## What needs to be done
Going through the entries, how many lines include the string "Some"? Answer only with the number.

## Source records
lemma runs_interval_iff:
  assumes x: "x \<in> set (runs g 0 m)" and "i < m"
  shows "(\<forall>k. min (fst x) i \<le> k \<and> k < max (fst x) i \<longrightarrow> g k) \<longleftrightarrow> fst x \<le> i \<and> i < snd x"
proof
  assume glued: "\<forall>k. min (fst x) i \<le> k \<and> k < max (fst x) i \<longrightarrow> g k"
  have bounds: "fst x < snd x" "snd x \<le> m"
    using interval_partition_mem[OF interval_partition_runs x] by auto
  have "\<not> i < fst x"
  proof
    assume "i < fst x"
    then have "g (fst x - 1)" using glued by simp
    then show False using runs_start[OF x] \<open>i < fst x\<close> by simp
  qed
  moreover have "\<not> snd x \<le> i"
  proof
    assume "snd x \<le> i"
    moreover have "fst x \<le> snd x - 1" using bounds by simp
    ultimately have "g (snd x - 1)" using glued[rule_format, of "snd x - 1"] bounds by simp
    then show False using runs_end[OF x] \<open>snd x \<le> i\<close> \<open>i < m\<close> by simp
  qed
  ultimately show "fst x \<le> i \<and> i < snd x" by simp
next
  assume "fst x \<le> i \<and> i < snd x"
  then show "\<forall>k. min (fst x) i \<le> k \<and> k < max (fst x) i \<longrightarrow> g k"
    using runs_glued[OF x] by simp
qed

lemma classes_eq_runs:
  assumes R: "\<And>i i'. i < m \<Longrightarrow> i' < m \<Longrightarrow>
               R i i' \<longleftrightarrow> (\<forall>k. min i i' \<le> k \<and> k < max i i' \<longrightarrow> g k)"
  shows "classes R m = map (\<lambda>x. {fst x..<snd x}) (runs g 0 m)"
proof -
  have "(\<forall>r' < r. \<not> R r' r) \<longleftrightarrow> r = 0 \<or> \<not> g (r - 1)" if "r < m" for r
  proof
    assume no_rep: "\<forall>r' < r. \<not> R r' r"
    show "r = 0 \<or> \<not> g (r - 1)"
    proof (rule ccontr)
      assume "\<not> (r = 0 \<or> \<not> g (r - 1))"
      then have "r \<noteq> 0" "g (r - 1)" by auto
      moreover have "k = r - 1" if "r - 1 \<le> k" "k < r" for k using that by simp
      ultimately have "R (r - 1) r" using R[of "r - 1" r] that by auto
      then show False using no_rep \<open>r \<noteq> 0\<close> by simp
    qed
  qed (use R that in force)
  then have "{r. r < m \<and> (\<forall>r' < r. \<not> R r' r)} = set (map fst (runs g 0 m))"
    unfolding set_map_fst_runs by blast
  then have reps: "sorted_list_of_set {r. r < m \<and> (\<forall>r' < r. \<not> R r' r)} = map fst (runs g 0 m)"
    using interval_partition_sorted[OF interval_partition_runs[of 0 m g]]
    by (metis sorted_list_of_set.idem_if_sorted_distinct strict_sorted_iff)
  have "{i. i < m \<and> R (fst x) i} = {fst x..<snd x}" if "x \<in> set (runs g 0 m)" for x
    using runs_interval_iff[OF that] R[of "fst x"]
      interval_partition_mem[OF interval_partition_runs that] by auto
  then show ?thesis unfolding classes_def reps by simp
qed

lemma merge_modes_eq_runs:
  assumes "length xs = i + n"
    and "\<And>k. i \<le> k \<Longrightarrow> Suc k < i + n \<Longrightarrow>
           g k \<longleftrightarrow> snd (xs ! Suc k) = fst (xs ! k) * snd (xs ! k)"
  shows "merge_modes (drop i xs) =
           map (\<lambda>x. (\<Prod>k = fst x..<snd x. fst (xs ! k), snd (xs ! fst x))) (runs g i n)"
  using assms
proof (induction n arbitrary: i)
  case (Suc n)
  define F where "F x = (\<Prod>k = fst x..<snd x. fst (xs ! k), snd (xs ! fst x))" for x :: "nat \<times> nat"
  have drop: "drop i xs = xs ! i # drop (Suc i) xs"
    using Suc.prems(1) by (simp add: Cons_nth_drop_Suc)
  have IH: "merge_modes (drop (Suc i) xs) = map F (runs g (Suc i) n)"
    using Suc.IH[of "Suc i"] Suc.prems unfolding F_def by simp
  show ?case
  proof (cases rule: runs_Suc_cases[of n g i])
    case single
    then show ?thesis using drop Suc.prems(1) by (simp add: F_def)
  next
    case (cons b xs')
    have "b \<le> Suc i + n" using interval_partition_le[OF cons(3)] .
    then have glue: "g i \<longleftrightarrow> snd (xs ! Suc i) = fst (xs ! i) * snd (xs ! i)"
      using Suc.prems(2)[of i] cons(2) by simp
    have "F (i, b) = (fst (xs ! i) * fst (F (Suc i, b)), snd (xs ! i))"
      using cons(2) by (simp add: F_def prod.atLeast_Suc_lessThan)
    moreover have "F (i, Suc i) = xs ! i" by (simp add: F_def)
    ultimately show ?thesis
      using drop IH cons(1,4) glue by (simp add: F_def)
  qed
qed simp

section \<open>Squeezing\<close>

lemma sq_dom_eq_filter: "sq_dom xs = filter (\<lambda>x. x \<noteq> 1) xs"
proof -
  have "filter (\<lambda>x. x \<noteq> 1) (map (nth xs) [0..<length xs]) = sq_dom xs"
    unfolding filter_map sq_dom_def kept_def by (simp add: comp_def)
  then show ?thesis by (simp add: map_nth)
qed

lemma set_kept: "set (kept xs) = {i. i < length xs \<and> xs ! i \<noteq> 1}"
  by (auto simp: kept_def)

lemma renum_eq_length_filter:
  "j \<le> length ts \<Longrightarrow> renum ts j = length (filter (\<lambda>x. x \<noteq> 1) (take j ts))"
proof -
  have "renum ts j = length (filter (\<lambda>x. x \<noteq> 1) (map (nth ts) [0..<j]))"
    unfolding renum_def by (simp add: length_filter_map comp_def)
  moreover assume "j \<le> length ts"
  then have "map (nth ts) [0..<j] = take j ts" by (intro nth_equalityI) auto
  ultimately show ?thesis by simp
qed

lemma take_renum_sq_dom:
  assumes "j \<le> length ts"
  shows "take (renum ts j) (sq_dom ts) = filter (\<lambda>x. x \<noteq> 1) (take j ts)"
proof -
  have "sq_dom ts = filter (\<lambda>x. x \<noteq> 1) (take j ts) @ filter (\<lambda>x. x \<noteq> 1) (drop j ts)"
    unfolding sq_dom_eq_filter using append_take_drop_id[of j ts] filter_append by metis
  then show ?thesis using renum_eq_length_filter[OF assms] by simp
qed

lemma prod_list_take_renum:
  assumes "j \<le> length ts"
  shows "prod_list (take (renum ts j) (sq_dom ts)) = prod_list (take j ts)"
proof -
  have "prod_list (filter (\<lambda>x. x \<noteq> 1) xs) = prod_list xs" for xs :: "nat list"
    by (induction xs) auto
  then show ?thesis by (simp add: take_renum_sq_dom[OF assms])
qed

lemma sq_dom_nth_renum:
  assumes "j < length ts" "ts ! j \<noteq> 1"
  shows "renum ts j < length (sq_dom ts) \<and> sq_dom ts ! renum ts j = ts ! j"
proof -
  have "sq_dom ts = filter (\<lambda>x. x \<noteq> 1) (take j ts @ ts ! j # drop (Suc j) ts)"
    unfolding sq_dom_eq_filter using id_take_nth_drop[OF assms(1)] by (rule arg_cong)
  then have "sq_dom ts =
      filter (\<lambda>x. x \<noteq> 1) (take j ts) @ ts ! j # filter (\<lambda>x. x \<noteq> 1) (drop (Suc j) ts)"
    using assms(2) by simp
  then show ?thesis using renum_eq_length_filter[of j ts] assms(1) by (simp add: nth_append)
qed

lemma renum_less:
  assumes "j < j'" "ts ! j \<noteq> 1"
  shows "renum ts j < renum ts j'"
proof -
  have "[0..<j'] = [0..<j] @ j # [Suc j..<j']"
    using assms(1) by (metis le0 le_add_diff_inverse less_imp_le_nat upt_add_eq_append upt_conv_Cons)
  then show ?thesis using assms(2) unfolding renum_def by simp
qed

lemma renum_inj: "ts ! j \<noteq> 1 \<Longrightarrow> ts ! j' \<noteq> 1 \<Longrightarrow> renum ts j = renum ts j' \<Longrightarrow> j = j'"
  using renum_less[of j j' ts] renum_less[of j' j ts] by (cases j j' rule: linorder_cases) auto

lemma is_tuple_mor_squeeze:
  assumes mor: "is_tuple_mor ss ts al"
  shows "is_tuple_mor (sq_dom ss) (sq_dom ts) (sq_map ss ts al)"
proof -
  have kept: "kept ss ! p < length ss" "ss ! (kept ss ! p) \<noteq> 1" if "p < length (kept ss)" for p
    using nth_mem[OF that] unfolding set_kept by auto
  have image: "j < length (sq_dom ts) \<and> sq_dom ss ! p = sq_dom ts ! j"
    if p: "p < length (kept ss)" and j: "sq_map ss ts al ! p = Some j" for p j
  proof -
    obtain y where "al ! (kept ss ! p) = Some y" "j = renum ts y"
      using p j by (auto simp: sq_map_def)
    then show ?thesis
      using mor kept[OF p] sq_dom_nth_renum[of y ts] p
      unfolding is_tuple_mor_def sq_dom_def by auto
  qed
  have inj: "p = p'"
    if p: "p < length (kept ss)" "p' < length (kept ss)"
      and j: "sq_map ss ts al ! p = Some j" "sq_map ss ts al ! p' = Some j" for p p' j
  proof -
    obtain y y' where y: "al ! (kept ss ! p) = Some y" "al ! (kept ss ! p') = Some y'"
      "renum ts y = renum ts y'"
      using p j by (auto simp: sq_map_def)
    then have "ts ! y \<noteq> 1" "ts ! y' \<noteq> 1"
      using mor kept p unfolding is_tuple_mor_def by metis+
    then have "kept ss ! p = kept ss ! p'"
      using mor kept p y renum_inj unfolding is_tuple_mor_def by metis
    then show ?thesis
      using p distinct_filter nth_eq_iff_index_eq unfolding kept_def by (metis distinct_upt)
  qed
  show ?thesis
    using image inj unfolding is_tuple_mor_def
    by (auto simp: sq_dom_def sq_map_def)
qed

## Output of the exercise
4